A base-model Challenger SRT Hellcat with an automatic transmission skates in at just under $69,000. Add ten grand for High Horse's upgrades and tuning expertise, and you're running mid-nines for right around 80 grand. With the Demon expected to come in at just under $100,000, the savings adds up to a whole bunch of spare rear tires. So why spring for the Demon at all?
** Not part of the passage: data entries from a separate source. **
theorem proposition9:
  shows "(strict_antimono_on {0<..} (\<lambda>x. x powr 0 * mills x)
        \<and> strict_mono_on {0<..} (\<lambda>x. x powr 1 * mills x)
        \<and> (\<forall>\<alpha>::real. 0 < \<alpha> \<and> \<alpha> < 1 \<longrightarrow>
             (\<exists>c>0. strict_mono_on {0<..c} (\<lambda>x. x powr \<alpha> * mills x)
                  \<and> strict_antimono_on {c..} (\<lambda>x. x powr \<alpha> * mills x))))
      \<and> (strict_mono_on {0<..} (\<lambda>x. x powr 0 * deriv mills x)
        \<and> strict_antimono_on {0<..} (\<lambda>x. x powr 2 * deriv mills x)
        \<and> (\<forall>\<alpha>::real. 0 < \<alpha> \<and> \<alpha> < 2 \<longrightarrow>
             (\<exists>c>0. strict_antimono_on {0<..c} (\<lambda>x. x powr \<alpha> * deriv mills x)
                  \<and> strict_mono_on {c..} (\<lambda>x. x powr \<alpha> * deriv mills x))))"
proof -
  have int: "interior {0<..} = {0::real<..}"
    by (simp add: interior_open)
  have "strict_antimono_on {0<..} (\<lambda>x. x powr 0 * mills x)"
    by (rule powr_mills_strict_antimono_on) (auto simp: int mills_less_mills_threshold_0)
  moreover have "strict_mono_on {0<..} (\<lambda>x. x powr 1 * mills x)"
    by (rule powr_mills_strict_mono_on) (auto simp: mills_threshold_1_less_mills)
  moreover have "\<exists>c>0. strict_mono_on {0<..c} (\<lambda>x. x powr \<alpha> * mills x)
                  \<and> strict_antimono_on {c..} (\<lambda>x. x powr \<alpha> * mills x)" if "0 < \<alpha> \<and> \<alpha> < 1" for \<alpha>
    using mills_threshold_crossing[of \<alpha>] that
    by (auto intro!: powr_mills_strict_mono_on powr_mills_strict_antimono_on)
  moreover have "strict_mono_on {0<..} (\<lambda>x. x powr 0 * deriv mills x)"
    by (rule powr_deriv_mills_strict_mono_on) (auto simp: int dmills_threshold_0_less_mills)
  moreover have "strict_antimono_on {0<..} (\<lambda>x. x powr 2 * deriv mills x)"
    by (rule powr_deriv_mills_strict_antimono_on) (auto simp: int mills_less_dmills_threshold_2)
  moreover have "\<exists>c>0. strict_antimono_on {0<..c} (\<lambda>x. x powr \<alpha> * deriv mills x)
                  \<and> strict_mono_on {c..} (\<lambda>x. x powr \<alpha> * deriv mills x)" if "0 < \<alpha> \<and> \<alpha> < 2" for \<alpha>
    using dmills_threshold_crossing[of \<alpha>] that
    by (auto intro!: powr_deriv_mills_strict_mono_on powr_deriv_mills_strict_antimono_on)
  ultimately show ?thesis
    by blast
qed
lemma nonneg_decreasing_convex_inverse:
  assumes "0 < c"
  shows "nonneg_decreasing_convex (\<lambda>t. 1 / (real t + c))"
  unfolding nonneg_decreasing_convex_def
proof (intro allI conjI)
  fix t
  define x where "x = real t + c"
  have x: "0 < x" "0 < x + 1" "0 < x + 2" using assms by (simp_all add: x_def)
  show "0 \<le> 1 / (real t + c)" using x by (simp add: x_def)
  show "1 / (real (Suc t) + c) \<le> 1 / (real t + c)" using x by (intro divide_left_mono) (auto simp: x_def)
  have "1 / (x + 1) - 1 / (x + 2) = 1 / ((x + 1) * (x + 2))" "1 / x - 1 / (x + 1) = 1 / (x * (x + 1))"
    using x by (simp_all add: diff_frac_eq)
  moreover have "1 / ((x + 1) * (x + 2)) \<le> 1 / (x * (x + 1))"
    using x by (intro divide_left_mono mult_mono) auto
  ultimately have "2 / (x + 1) \<le> 1 / x + 1 / (x + 2)" by linarith
  then show "2 * (1 / (real (Suc t) + c)) \<le> 1 / (real t + c) + 1 / (real (Suc (Suc t)) + c)"
    by (simp add: x_def add_ac)
qed

lemma of_nat_binomial_mult_fact: "real (n choose k) * fact k = (\<Prod>i<k. max 0 (real n - real i))"
proof -
  have "real (n choose k) * fact k = (\<Prod>i<k. real n - real i)"
    using gbinomial_mult_fact'[of "real n" k] by (simp add: binomial_gbinomial atLeast0LessThan)
  also have "\<dots> = (\<Prod>i<k. max 0 (real n - real i))"
  proof (cases "k \<le> n")
    case False
    then have "n \<in> {..<k}" by simp
    have "(\<Prod>i<k. real n - real i) = 0"
      by (rule prod_zero) (use \<open>n \<in> {..<k}\<close> in \<open>auto intro!: bexI[of _ n]\<close>)
    moreover have "(\<Prod>i<k. max 0 (real n - real i)) = 0"
      by (rule prod_zero) (use \<open>n \<in> {..<k}\<close> in \<open>auto intro!: bexI[of _ n]\<close>)
    ultimately show ?thesis by (simp only:)
  qed (auto intro: prod.cong)
  finally show ?thesis .
qed

lemma of_nat_binomial_shift_mult_fact:
  "real ((t + k) choose k) * fact k = (\<Prod>j<k. real t + 1 + real j)"
proof (induction k)
  case (Suc k)
  have "real ((t + Suc k) choose Suc k) * fact (Suc k) = real ((Suc (t + k) choose Suc k) * Suc k) * fact k"
    by (simp add: algebra_simps)
  also have "\<dots> = real (Suc (t + k)) * (real ((t + k) choose k) * fact k)"
    by (subst Suc_times_binomial_eq[symmetric]) (simp only: of_nat_mult mult_ac)
  also have "\<dots> = real (Suc (t + k)) * (\<Prod>j<k. real t + 1 + real j)" by (simp only: Suc)
  also have "\<dots> = (\<Prod>j<Suc k. real t + 1 + real j)" by (simp add: algebra_simps)
  finally show ?case .
qed simp

lemma of_nat_binomial_diff_mult_fact:
  "real ((L - t) choose k) * fact k = (\<Prod>i<k. max 0 ((real L - real i) - real t))"
proof -
  have "max 0 (real (L - t) - real i) = max 0 ((real L - real i) - real t)" for i
    by (cases "t \<le> L") (auto simp: of_nat_diff max_def)
  then show ?thesis by (simp add: of_nat_binomial_mult_fact)
qed

lemma nonneg_decreasing_convex_binomial:
  "nonneg_decreasing_convex (\<lambda>t. real ((L - t) choose k))"
proof -
  have "real ((L - t) choose k) = 1 / fact k * (\<Prod>i<k. max 0 ((real L - real i) - real t))" for t
    using of_nat_binomial_diff_mult_fact[of L t k] by (simp add: field_simps)
  moreover have "nonneg_decreasing_convex (\<lambda>t. 1 / fact k * (\<Prod>i<k. max 0 ((real L - real i) - real t)))"
    by (intro nonneg_decreasing_convex_mult nonneg_decreasing_convex_const nonneg_decreasing_convex_prod
        nonneg_decreasing_convex_ramp) simp
  ultimately show ?thesis by simp
qed

lemma nonneg_decreasing_convex_binomial_ratio:
  "nonneg_decreasing_convex (\<lambda>t. real ((L - t) choose k) / real ((t + k) choose k))"
proof -
  have "real ((L - t) choose k) / real ((t + k) choose k)
      = (\<Prod>i<k. max 0 ((real L - real i) - real t)) * (\<Prod>j<k. 1 / (real t + (1 + real j)))" for t
  proof -
    have "real ((L - t) choose k) / real ((t + k) choose k)
        = (real ((L - t) choose k) * fact k) / (real ((t + k) choose k) * fact k)" by simp
    also have "\<dots> = (\<Prod>i<k. max 0 ((real L - real i) - real t)) / (\<Prod>j<k. real t + (1 + real j))"
      unfolding of_nat_binomial_diff_mult_fact of_nat_binomial_shift_mult_fact by (simp add: add.assoc)
    finally show ?thesis by (simp add: prod_dividef)
  qed
  moreover have "nonneg_decreasing_convex
      (\<lambda>t. (\<Prod>i<k. max 0 ((real L - real i) - real t)) * (\<Prod>j<k. 1 / (real t + (1 + real j))))"
    by (intro nonneg_decreasing_convex_mult nonneg_decreasing_convex_prod nonneg_decreasing_convex_ramp
        nonneg_decreasing_convex_inverse) simp
  ultimately show ?thesis by simp
qed

lemma binomial_mult_shift: "(n choose (t + k)) * ((t + k) choose k) = (n choose t) * ((n - t) choose k)"
proof (cases "t + k \<le> n")
  case True
  then show ?thesis
    using choose_mult[of t "t + k" n] binomial_symmetric[of t "t + k"] by simp
qed (cases "t \<le> n"; simp add: binomial_eq_0)

lemma LB_y_eq:
  assumes "1 \<le> lam"
  shows "LB_y K Lam lam t = real K * real ((Lam - t) choose lam) / (real (Lam choose lam) * real ((t + lam) choose lam))
    + A_term K Lam lam t"
proof -
  have ratio: "real (Lam choose (t + lam)) / real (Lam choose t) = real ((Lam - t) choose lam) / real ((t + lam) choose lam)"
  proof (cases "t \<le> Lam")
    case True
    then show ?thesis using binomial_mult_shift[of Lam t lam]
      by (simp add: field_simps flip: of_nat_mult)
  qed (use assms in \<open>simp add: binomial_eq_0\<close>)
  have "real K * real (Lam choose (t + lam)) / (real (Lam choose lam) * real (Lam choose t))
      = real K * (real (Lam choose (t + lam)) / real (Lam choose t)) / real (Lam choose lam)" by simp
  then show ?thesis unfolding LB_y_def ratio by simp
qed

lemma ensemble_size_mult_LB_y:
  assumes "1 \<le> lam" "0 < ensemble_size K Lam lam"
  shows "real (ensemble_size K Lam lam) * LB_y K Lam lam t
    = real K * real (ensemble_size K Lam lam) / real (Lam choose lam)
        * (real ((Lam - t) choose lam) / real ((t + lam) choose lam))
      + real K * (1 - 1 / real ((t + lam) choose lam)) * real ((Lam - t) choose lam)"
proof -
  have "E * (k * h / (m * C) + k / E * h * (1 - 1 / C)) = k * E / m * (h / C) + k * (1 - 1 / C) * h"
    if "E \<noteq> 0" "C \<noteq> 0" for E C m h k :: real
    using that by (simp add: field_simps)
  then show ?thesis
    using assms(2) unfolding LB_y_eq[OF assms(1)] A_term_def by (simp add: add.commute)
qed

lemma Lam_choose_le_ensemble_size:
  assumes "0 < K" shows "Lam choose lam \<le> ensemble_size K Lam lam"
proof -
  have "card (lam_subsets Lam lam) \<le> card (ensemble K Lam lam)"
    using inj_on_concentrated[OF assms] concentrated_in_ensemble finite_ensemble
    by (intro card_inj_on_le) auto
  then show ?thesis by (simp add: card_lam_subsets card_ensemble)
qed

lemma nonneg_decreasing_convex_LB_y:
  assumes "1 \<le> lam" "lam \<le> Lam" "0 < K"
  shows "nonneg_decreasing_convex (LB_y K Lam lam)"
proof -
  define m where "m = real (Lam choose lam)"
  define E where "E = real (ensemble_size K Lam lam)"
  have m: "0 < m" "m \<le> E"
    using assms Lam_choose_le_ensemble_size[OF assms(3)] by (simp_all add: m_def E_def)
  have split: "LB_y K Lam lam t = (real K / m - real K / E) * (real ((Lam - t) choose lam) / real ((t + lam) choose lam))
      + real K / E * real ((Lam - t) choose lam)" for t
  proof -
    define h where "h = real ((Lam - t) choose lam)"
    define C where "C = real ((t + lam) choose lam)"
    have "C \<noteq> 0" by (simp add: C_def)
    then have "real K * h / (m * C) + real K / E * h * (1 - 1 / C) = (real K / m - real K / E) * (h / C) + real K / E * h"
      using m by (simp add: field_simps)
    then show ?thesis unfolding LB_y_eq[OF assms(1)] A_term_def by (simp add: m_def E_def h_def C_def)
  qed
  have "0 \<le> real K / m - real K / E" "0 \<le> real K / E" using m by (simp_all add: frac_le)
  then show ?thesis
    unfolding split[abs_def] by (intro nonneg_decreasing_convex_add nonneg_decreasing_convex_mult nonneg_decreasing_convex_const
        nonneg_decreasing_convex_binomial nonneg_decreasing_convex_binomial_ratio; simp)
qed

lemma avoiding_mass_add:
  "avoiding_mass Lam (\<lambda>T. f T + g T) U = avoiding_mass Lam f U + avoiding_mass Lam g U"
  unfolding avoiding_mass_def sum.distrib[symmetric] by (intro sum.cong) auto

lemma card_lam_subsets_disjoint:
  assumes "T \<subseteq> {..<Lam}"
  shows "card {U \<in> lam_subsets Lam lam. U \<inter> T = {}} = (Lam - card T) choose lam"
proof -
  have "{U \<in> lam_subsets Lam lam. U \<inter> T = {}} = {U. U \<subseteq> {..<Lam} - T \<and> card U = lam}"
    unfolding lam_subsets_def by auto
  moreover have "card ({..<Lam} - T) = Lam - card T"
    using assms by (simp add: card_Diff_subset finite_subset)
  ultimately show ?thesis using n_subsets[of "{..<Lam} - T" lam] by simp
qed

lemma sum_lam_subsets_avoiding_mass:
  "(\<Sum>U\<in>lam_subsets Lam lam. avoiding_mass Lam g U)
    = (\<Sum>T\<in>Pow {..<Lam}. g T * real ((Lam - card T) choose lam))"
  unfolding avoiding_mass_def
proof (subst sum.swap, intro sum.cong refl)
  fix T assume "T \<in> Pow {..<Lam}"
  then show "(\<Sum>U\<in>lam_subsets Lam lam. if U \<inter> T = {} then g T else 0) = g T * real ((Lam - card T) choose lam)"
    using sum.inter_filter[OF finite_lam_subsets[of Lam lam], of "\<lambda>_. g T" "\<lambda>U. U \<inter> T = {}"]
    by (simp add: card_lam_subsets_disjoint mult.commute)
qed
"I think the fact that it has a warranty is huge," Schwartz says. "That alone, to a lot of our customers, is really a huge selling point, because pretty much everything I do, I'm voiding the warranty on that car." Add in the super-limited production numbers-3000 Demons slated for the US, 300 for Canada, one model year only-and the peace of mind of knowing your speed equipment is street legal and engineer tested, and suddenly that factory-built drag racer begins to make sense.

Not that Schwartz and the High Horse Performance team are worried. "We're hoping that once the Demon comes out, we'll get a nice influx of them through our shop for roll cages to make them NHRA legal," he said. And perhaps some of those Demon owners will ask him to add a few horses on top of the 840 that Dodge offers. "I don't know how aggressive they were, if they left horsepower on the table," he said. "There might still be some room in there for tuners like myself to get our hands on the cars and turn it up a little bit more."